↓↓↓

(* Consider the linear system $x_{t+1}=Ax_t+Bu_t$ in closed loop with the Learning Model Predictive Control (LMPC) policy with prediction horizon $N$ described in the context, and let the stage-cost assumption and the initial-trajectory assumption described in the context hold. If two consecutive iterations $j-1$ and $j$ ($j\ge1$) attain the same cost, $J^{j-1}_{0\to\infty}(x_S)=J^j_{0\to\infty}(x_S)$, then the associated closed-loop state trajectories coincide: $\boldsymbol{x}^{j-1}=\boldsymbol{x}^j$.
   Context: System: $x_{t+1}=Ax_t+Bu_t$, $x_t\in\mathbb{R}^n$, $u_t\in\mathbb{R}^d$, with polyhedral constraints $x_t\in\mathcal{X}=\{x: F_x x\le b_x\}$, $u_t\in\mathcal{U}=\{u:F_u u\le b_u\}$, both containing the origin in their interior. Stage-cost assumption: $h(x,u)=x^\top Qx+u^\top Ru$ with $Q\succeq 0$, $R\succ 0$. A fixed initial condition $x_S$ is given. Stored data: at each iteration $j=0,1,2,\ldots$ a closed-loop trajectory $\boldsymbol{x}^j=[x^j_0,x^j_1,\ldots]$, $\boldsymbol{u}^j=[u^j_0,u^j_1,\ldots]$ with $x_0^j=x_S$ is stored. Initial-trajectory assumption: $\boldsymbol{x}^0,\boldsymbol{u}^0$ satisfy $x^0_{t+1}=Ax^0_t+Bu^0_t$, $x^0_t\in\mathcal{X}$, $u^0_t\in\mathcal{U}$ for all $t\ge0$, $x^0_t\to0$, $u^0_t\to0$, and $\sum_{t=0}^\infty h(x_t^0,u_t^0)<\infty$. Cost-to-go of stored states: $J^i_{k\to\infty}(x^i_k)=\sum_{l=k}^\infty h(x^i_l,u^i_l)$. Convex safe set $\mathcal{CS}^j$ = the smallest closed convex set containing $\{x^i_t: 0\le i\le j,\ t\ge 0\}$. $V$-function: $V^j(x)=\min_{\gamma^i_k\ge0}\sum_{i=0}^j\sum_{k=0}^\infty\gamma^i_k J^i_{k\to\infty}(x^i_k)$ subject to $\sum_{i,k}\gamma^i_k x^i_k=x$, $\sum_{i,k}\gamma^i_k=1$. LMPC policy at iteration $j\ge1$: at time $t$, with current state $x^j_t$, solve $J^{\mathrm{LMPC},j}_{t\to t+N}(x^j_t)=\min_{u_{t|t},\ldots,u_{t+N-1|t}}\sum_{k=t}^{t+N-1}h(x_{k|t},u_{k|t})+V^{j-1}(x_{t+N|t})$ subject to $x_{k+1|t}=Ax_{k|t}+Bu_{k|t}$, $x_{k|t}\in\mathcal{X}$, $u_{k|t}\in\mathcal{U}$ for $k=t,\ldots,t+N-1$, $x_{t+N|t}\in\mathcal{CS}^{j-1}$, $x_{t|t}=x^j_t$; apply the first optimal input $u^j_t=u^{j,*}_{t|t}$, so $x^j_{t+1}=Ax^j_t+Bu^j_t$, and repeat at $t+1$ (receding horizon). The iteration cost is $J^j_{0\to\infty}(x_S)=\sum_{t=0}^\infty h(x^j_t,u^j_t)$ (with $J^0_{0\to\infty}(x_S)=\sum_t h(x^0_t,u^0_t)$). *)

theory Defs
  imports "HOL-Analysis.Analysis"
begin

definition polyhedron :: "real^'n^'m \<Rightarrow> real^'m \<Rightarrow> (real^'n) set" where
  "polyhedron F b = {z. \<forall>i. (F *v z) $ i \<le> b $ i}"

definition stage_cost :: "real^'n^'n \<Rightarrow> real^'d^'d \<Rightarrow> real^'n \<Rightarrow> real^'d \<Rightarrow> real" where
  "stage_cost Q R x u = x \<bullet> (Q *v x) + u \<bullet> (R *v u)"

definition psd :: "real^'n^'n \<Rightarrow> bool" where
  "psd M \<longleftrightarrow> transpose M = M \<and> (\<forall>x. 0 \<le> x \<bullet> (M *v x))"

definition pd :: "real^'n^'n \<Rightarrow> bool" where
  "pd M \<longleftrightarrow> transpose M = M \<and> (\<forall>x. x \<noteq> 0 \<longrightarrow> 0 < x \<bullet> (M *v x))"

definition iter_cost ::
  "real^'n^'n \<Rightarrow> real^'d^'d \<Rightarrow> (nat \<Rightarrow> nat \<Rightarrow> real^'n) \<Rightarrow> (nat \<Rightarrow> nat \<Rightarrow> real^'d) \<Rightarrow> nat \<Rightarrow> ennreal" where
  "iter_cost Q R xs us i = (\<Sum>t. ennreal (stage_cost Q R (xs i t) (us i t)))"

definition cost_to_go ::
  "real^'n^'n \<Rightarrow> real^'d^'d \<Rightarrow> (nat \<Rightarrow> nat \<Rightarrow> real^'n) \<Rightarrow> (nat \<Rightarrow> nat \<Rightarrow> real^'d) \<Rightarrow> nat \<Rightarrow> nat \<Rightarrow> ennreal" where
  "cost_to_go Q R xs us i k = (\<Sum>l. ennreal (stage_cost Q R (xs i (l + k)) (us i (l + k))))"

definition safe_set :: "(nat \<Rightarrow> nat \<Rightarrow> real^'n) \<Rightarrow> nat \<Rightarrow> (real^'n) set" where
  "safe_set xs j = closure (convex hull {xs i t | i t. i \<le> j})"

text \<open>V-function V^j(x) (infimum over admissible multipliers; +inf if none).\<close>
definition Vfun ::
  "real^'n^'n \<Rightarrow> real^'d^'d \<Rightarrow> (nat \<Rightarrow> nat \<Rightarrow> real^'n) \<Rightarrow> (nat \<Rightarrow> nat \<Rightarrow> real^'d) \<Rightarrow> nat \<Rightarrow> real^'n \<Rightarrow> ennreal" where
  "Vfun Q R xs us j x =
     (INF \<gamma> \<in> {\<gamma> :: nat \<Rightarrow> nat \<Rightarrow> real.
                 (\<forall>i k. 0 \<le> \<gamma> i k)
               \<and> ((\<lambda>(i,k). \<gamma> i k) has_sum 1) ({..j} \<times> UNIV)
               \<and> ((\<lambda>(i,k). \<gamma> i k *\<^sub>R xs i k) has_sum x) ({..j} \<times> UNIV)}.
        (\<Sum>\<^sub>\<infinity>(i,k)\<in>{..j} \<times> UNIV. ennreal (\<gamma> i k) * cost_to_go Q R xs us i k))"

fun pred_state :: "real^'n^'n \<Rightarrow> real^'d^'n \<Rightarrow> real^'n \<Rightarrow> (nat \<Rightarrow> real^'d) \<Rightarrow> nat \<Rightarrow> real^'n" where
  "pred_state A B x v 0 = x"
| "pred_state A B x v (Suc k) = A *v pred_state A B x v k + B *v v k"

text \<open>Feasibility of input sequence v (entries v 0 .. v (N-1) used) for the LMPC problem at x, iteration j.\<close>
definition lmpc_feasible ::
  "real^'n^'n \<Rightarrow> real^'d^'n \<Rightarrow> (real^'n) set \<Rightarrow> (real^'d) set \<Rightarrow> nat \<Rightarrow>
   (nat \<Rightarrow> nat \<Rightarrow> real^'n) \<Rightarrow> nat \<Rightarrow> real^'n \<Rightarrow> (nat \<Rightarrow> real^'d) \<Rightarrow> bool" where
  "lmpc_feasible A B X U N xs j x v \<longleftrightarrow>
     (\<forall>k<N. pred_state A B x v k \<in> X \<and> v k \<in> U)
   \<and> pred_state A B x v N \<in> safe_set xs (j - 1)"

definition lmpc_cost ::
  "real^'n^'n \<Rightarrow> real^'d^'n \<Rightarrow> real^'n^'n \<Rightarrow> real^'d^'d \<Rightarrow> nat \<Rightarrow>
   (nat \<Rightarrow> nat \<Rightarrow> real^'n) \<Rightarrow> (nat \<Rightarrow> nat \<Rightarrow> real^'d) \<Rightarrow> nat \<Rightarrow> real^'n \<Rightarrow> (nat \<Rightarrow> real^'d) \<Rightarrow> ennreal" where
  "lmpc_cost A B Q R N xs us j x v =
     (\<Sum>k<N. ennreal (stage_cost Q R (pred_state A B x v k) (v k)))
     + Vfun Q R xs us (j - 1) (pred_state A B x v N)"

definition lmpc_optimal ::
  "real^'n^'n \<Rightarrow> real^'d^'n \<Rightarrow> (real^'n) set \<Rightarrow> (real^'d) set \<Rightarrow> real^'n^'n \<Rightarrow> real^'d^'d \<Rightarrow> nat \<Rightarrow>
   (nat \<Rightarrow> nat \<Rightarrow> real^'n) \<Rightarrow> (nat \<Rightarrow> nat \<Rightarrow> real^'d) \<Rightarrow> nat \<Rightarrow> real^'n \<Rightarrow> (nat \<Rightarrow> real^'d) \<Rightarrow> bool" where
  "lmpc_optimal A B X U Q R N xs us j x v \<longleftrightarrow>
     lmpc_feasible A B X U N xs j x v
   \<and> (\<forall>w. lmpc_feasible A B X U N xs j x w \<longrightarrow>
          lmpc_cost A B Q R N xs us j x v \<le> lmpc_cost A B Q R N xs us j x w)"

end

theory Submission
  imports Defs
begin

(*
  Let J(x) be the optimal value of the LMPC problem of iteration j. Along the closed loop of
  iteration j it decreases at least by the stage cost: if z is the terminal predicted state, the
  multipliers realising V^(j-1)(z), shifted one step along the stored trajectories, represent
  A z + B u for u the correspondingly averaged stored input, and Jensen's inequality for the
  convex stage cost bounds h(z, u). (The average exists because the stored inputs are bounded, by R > 0
  and the finiteness of the earlier iteration costs.) Telescoping, the cost-to-go of iteration j
  from time t is at most J(x^j_t), whereas the tail of iteration j-1 from the same state is a
  feasible plan costing at most the cost-to-go of iteration j-1. If both iterations have the same
  cost and agree up to time t, these cost-to-go values coincide, so that tail is optimal as well.
  Since R > 0 and V^(j-1) is convex, the LMPC cost is strictly convex in the first input, hence
  u^j_t = u^(j-1)_t; induction on t gives x^j = x^(j-1).
*)

section \<open>Quadratic forms\<close>

lemma psd_inner_commute: "psd M \<Longrightarrow> x \<bullet> (M *v y) = y \<bullet> (M *v x)"
  unfolding psd_def by (metis dot_lmul_matrix inner_commute vector_transpose_matrix)

lemma pd_imp_psd: "pd M \<Longrightarrow> psd M"
  unfolding pd_def psd_def by (metis inner_zero_left matrix_vector_mult_0_right order_le_less)

lemma psd_quadratic_nonneg: "psd M \<Longrightarrow> 0 \<le> x \<bullet> (M *v x)"
  unfolding psd_def by blast

lemma stage_cost_nonneg: "psd Q \<Longrightarrow> pd R \<Longrightarrow> 0 \<le> stage_cost Q R x u"
  unfolding stage_cost_def by (metis add_nonneg_nonneg psd_quadratic_nonneg pd_imp_psd)

lemma psd_quadratic_expansion:
  assumes "psd M"
  shows "x \<bullet> (M *v x) = z \<bullet> (M *v z) + 2 * ((M *v z) \<bullet> (x - z)) + (x - z) \<bullet> (M *v (x - z))"
  using psd_inner_commute[OF assms, of x z]
  by (simp add: matrix_vector_mult_diff_distrib inner_diff_left inner_diff_right inner_commute algebra_simps)

lemma psd_quadratic_midpoint:
  assumes "psd M"
  shows "((1/2) *\<^sub>R (a + b)) \<bullet> (M *v ((1/2) *\<^sub>R (a + b))) =
     (a \<bullet> (M *v a) + b \<bullet> (M *v b)) / 2 - ((a - b) \<bullet> (M *v (a - b))) / 4"
proof -
  have sym: "a \<bullet> (M *v b) = b \<bullet> (M *v a)" by (rule psd_inner_commute[OF assms])
  have "((1/2) *\<^sub>R (a + b)) \<bullet> (M *v ((1/2) *\<^sub>R (a + b))) = ((a + b) \<bullet> (M *v (a + b))) / 4"
    by (simp add: matrix_vector_mult_scaleR)
  moreover have "(a + b) \<bullet> (M *v (a + b)) = a \<bullet> (M *v a) + b \<bullet> (M *v b) + 2 * (a \<bullet> (M *v b))"
    using sym by (simp add: matrix_vector_right_distrib inner_add_left inner_add_right)
  moreover have "(a - b) \<bullet> (M *v (a - b)) = a \<bullet> (M *v a) + b \<bullet> (M *v b) - 2 * (a \<bullet> (M *v b))"
    using sym by (simp add: matrix_vector_mult_diff_distrib inner_diff_left inner_diff_right)
  ultimately show ?thesis by argo
qed

lemma stage_cost_midpoint:
  assumes "psd Q" "pd R"
  shows "stage_cost Q R ((1/2) *\<^sub>R (x1 + x2)) ((1/2) *\<^sub>R (u1 + u2)) =
    (stage_cost Q R x1 u1 + stage_cost Q R x2 u2) / 2
    - ((x1 - x2) \<bullet> (Q *v (x1 - x2)) + (u1 - u2) \<bullet> (R *v (u1 - u2))) / 4"
  unfolding stage_cost_def
  using psd_quadratic_midpoint[OF assms(1), of x1 x2] psd_quadratic_midpoint[OF pd_imp_psd[OF assms(2)], of u1 u2]
  by argo

lemma pd_quadratic_lower_bound:
  assumes "pd (R::real^'d^'d)"
  obtains c where "0 < c" "\<And>u. c * (norm u)^2 \<le> u \<bullet> (R *v u)"
proof -
  let ?S = "sphere (0::real^'d) 1"
  obtain e :: "real^'d" where "norm e = 1" using vector_choose_size[of 1] by auto
  then have "?S \<noteq> {}" by auto
  moreover have "continuous_on ?S (\<lambda>u. u \<bullet> (R *v u))"
    by (intro continuous_on_inner continuous_on_id linear_continuous_on matrix_vector_mul_bounded_linear)
  ultimately obtain u0 where u0: "u0 \<in> ?S" "\<And>y. y \<in> ?S \<Longrightarrow> u0 \<bullet> (R *v u0) \<le> y \<bullet> (R *v y)"
    using continuous_attains_inf[OF compact_sphere] by blast
  have pos: "0 < u0 \<bullet> (R *v u0)"
    using assms u0(1) unfolding pd_def by (metis mem_sphere_0 norm_zero zero_neq_one)
  have "u0 \<bullet> (R *v u0) * (norm u)^2 \<le> u \<bullet> (R *v u)" for u
  proof (cases "u = 0")
    case False
    let ?y = "(1 / norm u) *\<^sub>R u"
    have "u0 \<bullet> (R *v u0) \<le> ?y \<bullet> (R *v ?y)" using False u0(2)[of ?y] by simp
    also have "\<dots> = (u \<bullet> (R *v u)) / (norm u)^2"
      by (simp add: matrix_vector_mult_scaleR power2_eq_square)
    finally show ?thesis using False by (simp add: pos_le_divide_eq)
  qed simp
  with pos show thesis by (rule that)
qed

↑↑↑

Print, exactly as given, the lines from the one with "using continuous_attains_inf[OF compact_sphere]" through the last line of the material above, and no others.

**TASK RESULT:**
    using continuous_attains_inf[OF compact_sphere] by blast
  have pos: "0 < u0 \<bullet> (R *v u0)"
    using assms u0(1) unfolding pd_def by (metis mem_sphere_0 norm_zero zero_neq_one)
  have "u0 \<bullet> (R *v u0) * (norm u)^2 \<le> u \<bullet> (R *v u)" for u
  proof (cases "u = 0")
    case False
    let ?y = "(1 / norm u) *\<^sub>R u"
    have "u0 \<bullet> (R *v u0) \<le> ?y \<bullet> (R *v ?y)" using False u0(2)[of ?y] by simp
    also have "\<dots> = (u \<bullet> (R *v u)) / (norm u)^2"
      by (simp add: matrix_vector_mult_scaleR power2_eq_square)
    finally show ?thesis using False by (simp add: pos_le_divide_eq)
  qed simp
  with pos show thesis by (rule that)
qed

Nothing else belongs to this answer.